O’Leary, who misses the “freedom” of life in New York, said despite the financial difficulties they face on a day to day basis, they love the “security of having family nearby” and wouldn’t consider moving back to the U.S.

“We’ll struggle on and get through it like everyone else,” she said optimistically.

Brendan O’Donovan, 36, lived in Boston for 10 years before returning to Co. Tipperary in 2006.

O’Donovan, a carpenter by trade, spent most of 2006 and 2007 working with family and “made a few pounds.”

O’Donovan, who moved back to Ireland because his girlfriend at the time wanted to, told the Irish Voice that his first year and a half back home was a success.

“I really thought I’d made the right decision.  I was bringing home anywhere between €800 and €1,000 a week and for Ireland that was great,” said O’Donovan.

Today the Co. Tipperary man is lucky to make €300 a week.

“I am lucky to get two jobs a week and that just about keeps me going. There are some weeks, if I’m being honest, I could spend looking out the window because it’s that quiet,” he said.

O’Donovan, who “was lucky to have bought a house before the prices of houses went through the roof,” has a mortgage “that is manageable,” but recently had to sell his Jeep and downgrade to a smaller car.

“In America I was used to a fairly decent income, I had two cars on the road, a lovely apartment that we rented and I can safely say about five holidays a year,” he said.

“In Ireland the farthest I’ve been in two years is a wedding in Dublin.”

O’Donovan said he “can’t return” to the U.S. because of visa issues, but in the morning, “hand on my heart” if a visa opportunity arose, he would be on the “next plane out of Ireland.”

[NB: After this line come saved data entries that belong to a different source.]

lemma lin_subst_ideal_plus_lin:
  assumes maps: "\<And>f. f \<in> I \<Longrightarrow> lin_subst M f \<in> I'" and f: "f \<in> ideal_plus_lin I L"
  shows "lin_subst M f \<in> ideal_plus_lin I' (lin_subst M L)"
proof -
  obtain i g where "f = i + L * g" "i \<in> I" using f unfolding ideal_plus_lin_def by blast
  then show ?thesis
    unfolding ideal_plus_lin_def by (auto simp: lin_subst_add lin_subst_mult intro: maps)
qed

lemma lam_ideal_plus_lin_vanishing_ideal:
  assumes "invertible A" "f \<in> ideal_plus_lin (vanishing_ideal X) L"
  shows "lam A f \<in> ideal_plus_lin (vanishing_ideal (Lam_pt A ` X)) (lam A L)"
  using lin_subst_ideal_plus_lin[OF lin_subst_vanishing_ideal[OF matrix_inv_mult(2)[OF assms(1)]]
      assms(2)]
  by (simp add: lam_eq_lin_subst)

lemma dHF_0_ne_0_imp_nonempty: "dHF X 0 \<noteq> 0 \<Longrightarrow> X \<noteq> {}"
  by (auto simp: HF_def vanishing_ideal_def)

lemma lookup_0_ideal_plus_lin_vanishing_ideal:
  assumes "p \<in> X" "v \<in> p" "L \<in> Pd 1" "F \<in> ideal_plus_lin (vanishing_ideal X) L"
  shows "Poly_Mapping.lookup F 0 = 0"
proof -
  obtain i g where F: "F = i + L * g" "i \<in> vanishing_ideal X"
    using assms(4) unfolding ideal_plus_lin_def by blast
  have "Poly_Mapping.lookup i 0 = 0"
    using F(2) assms(1,2) by (simp add: vanishing_ideal_def flip: hval_0_eq_lookup_0[of i v])
  moreover have "0 \<notin> Poly_Mapping.keys L"
    using assms(3) by (auto simp: Pd_def homog_def mdeg_def)
  then have "Poly_Mapping.lookup L 0 = 0" by (simp add: in_keys_iff)
  ultimately show ?thesis by (simp add: F lookup_add lookup_mult_0_eq_0)
qed

lemma indicator_0_in_perp:
  assumes "X \<noteq> {}" "X \<subseteq> proj_points" "L \<in> Pd 1"
  shows "(\<lambda>m. if m = 0 then 1 else 0) \<in> perp (ideal_plus_lin (vanishing_ideal X) L)"
proof -
  obtain v where "proj_pt v \<in> X" using assms(1,2) unfolding proj_points_def by blast
  moreover have "v \<in> proj_pt v" unfolding proj_pt_def by (auto intro: exI[of _ 1])
  ultimately show ?thesis
    using lookup_0_ideal_plus_lin_vanishing_ideal[OF _ _ assms(3)]
    by (auto simp: perp_def Dmod_def contr_def Dapply_indicator_0 lookup_mult_0_eq_0)
qed

lemma perp_generator_ne_0:
  assumes "X \<noteq> {}" "X \<subseteq> proj_points" "L \<in> Pd 1"
    and perp: "perp (ideal_plus_lin (vanishing_ideal X) L) = gen_sub \<phi>"
  shows "\<phi> \<noteq> (\<lambda>_. 0)"
proof
  assume \<phi>_0: "\<phi> = (\<lambda>_. 0)"
  have "(\<lambda>m. if m = 0 then 1 else 0) \<in> gen_sub \<phi>"
    using indicator_0_in_perp[OF assms(1-3)] perp by simp
  then show False by (simp add: \<phi>_0 gen_sub_zero fun_eq_iff) (metis one_neq_zero)
qed

theorem proposition9p1:
  fixes X X' :: "('a::{finite,field} ^ 'n::finite) set set"
    and L L' :: "('a, 'n) pol"
    and phi phi' :: "('n \<Rightarrow>\<^sub>0 nat) \<Rightarrow> 'a"
    and A :: "'a ^ 'n ^ 'n"
  assumes XP: "X \<subseteq> proj_points" and XP': "X' \<subseteq> proj_points"
    and AG: "arith_gorenstein X" and AG': "arith_gorenstein X'"
    and HF: "\<And>i. dHF X i = (if i = 0 \<or> i = 3 then 1 else if i = 1 \<or> i = 2 then int CARD('n) - 1 else 0)"
    and HF': "\<And>i. dHF X' i = dHF X i"
    and L: "L \<in> Pd 1" and L': "L' \<in> Pd 1"
    and Lnv: "\<forall>p\<in>X. \<forall>v\<in>p. peval L v \<noteq> 0"
    and Lnv': "\<forall>p\<in>X'. \<forall>v\<in>p. peval L' v \<noteq> 0"
    and phi: "phi \<in> Dneg 3" and phi': "phi' \<in> Dneg 3"
    and perp: "perp (ideal_plus_lin (vanishing_ideal X) L) = gen_sub phi"
    and perp': "perp (ideal_plus_lin (vanishing_ideal X') L') = gen_sub phi'"
    and A: "invertible A"
    and AL: "lam A L = L'"
    and AX: "Lam_pt A ` X = X'"
  shows "\<exists>c. c \<noteq> 0 \<and> (\<forall>g\<in>Pd 3. Dapply phi' (lam A g) = c * Dapply phi g)"
proof -
  \<comment> \<open>The Gorenstein hypotheses and the nonvanishing of \<open>L\<close>, \<open>L'\<close> enter only through the
    generators \<open>phi\<close>, \<open>phi'\<close>; of the Hilbert function only \<open>HF\<^sub>X\<^sub>'(0) = 1\<close> is used.\<close>
  define M where "M = matrix_inv A"
  define \<psi> where "\<psi> = Dpullback M phi'"
  have lam: "lam A g = lin_subst M g" for g by (simp add: M_def lam_eq_lin_subst)
  have maps: "lin_subst M f \<in> ideal_plus_lin (vanishing_ideal X') L'"
    if "f \<in> ideal_plus_lin (vanishing_ideal X) L" for f
    using lam_ideal_plus_lin_vanishing_ideal[OF A that] AX AL by (simp add: lam)
  have "\<psi> \<in> perp (ideal_plus_lin (vanishing_ideal X) L)"
    unfolding \<psi>_def by (rule Dpullback_perp[OF phi' _ maps]) (use perp' in_gen_sub_self in blast)
  then obtain f where \<psi>_contr: "\<psi> = contr f phi" using perp by (auto simp: gen_sub_def)
  have "\<psi> \<in> Dneg 3" unfolding \<psi>_def by (rule Dpullback_Dneg[OF phi'])
  then have \<psi>_eq: "\<psi> = (\<lambda>k. Poly_Mapping.lookup f 0 * phi k)"
    unfolding \<psi>_contr by (rule contr_same_degree_eq_scale[OF phi])
  have "X' \<noteq> {}" using HF[of 0] HF'[of 0] by (intro dHF_0_ne_0_imp_nonempty) simp
  then have "phi' \<noteq> (\<lambda>_. 0)" by (rule perp_generator_ne_0[OF _ XP' L' perp'])
  then have "Poly_Mapping.lookup f 0 \<noteq> 0"
    using Dpullback_eq_0_imp_eq_0[OF matrix_inv_mult(1)[OF A]] \<psi>_eq by (auto simp: \<psi>_def M_def)
  moreover have "Dapply phi' (lam A g) = Poly_Mapping.lookup f 0 * Dapply phi g" for g
    by (simp add: lam flip: Dapply_Dpullback \<psi>_def add: \<psi>_eq Dapply_scale)
  ultimately show ?thesis by blast
qed

end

Rita Delaney, from Co. Offaly, also lived in Boston for 17 years before returning to Ireland in September.

“It was now or never,” Delaney told the Irish Voice on Tuesday.

“It’s something I’ve always said I wanted to do -- and the longer you stay away the harder it is to move back so I felt it was the right time,” she said.

After losing her job here in the administration field Delaney, 50, made the life changing decision to return to Ireland, a country she now realizes “is a complete mess.”

“I guess I always had this fantasy of living back in Ireland and it being wonderful, but I haven’t had much of that lovie dovie feeling recently,” jokes Delaney, while saying it’s pouring rain outside and everything looks grim.

“There are so few jobs it’s really not great here,” she said.

While actively searching for a job on a daily basis, Delaney, who paid years of taxes while working in Ireland before moving to Boston when she was 33, assumed she would be entitled to the job seekers allowance the Irish government provides, about $260 a week.

“I was told because I didn’t have habitual residency that I wasn’t entitled to any money,” she said.

Habitual resident means you must be living in Ireland for a certain number of years before being granted social welfare payments.  Community welfare officers in the case of supplementary welfare allowance will decide whether a person satisfies the habitual residence condition.

Delaney was told she needed to be in the country two-plus years before qualifying.

“It’s just ridiculous, and what’s worse is that the people in the social welfare offices were so rude and basically told me to go back to Boston,” she said.

Since her return Delaney has been staying with friends in Dublin and living on what little savings she made in the U.S.  She has been actively pursuing a job but to date has not had any luck finding something.

Delaney is currently appealing the job seekers allowance issue and hoping that her case will be reviewed sooner rather than later.
“I really want to stay here but who knows, in two weeks I may be all set to go back to Boston,” she said.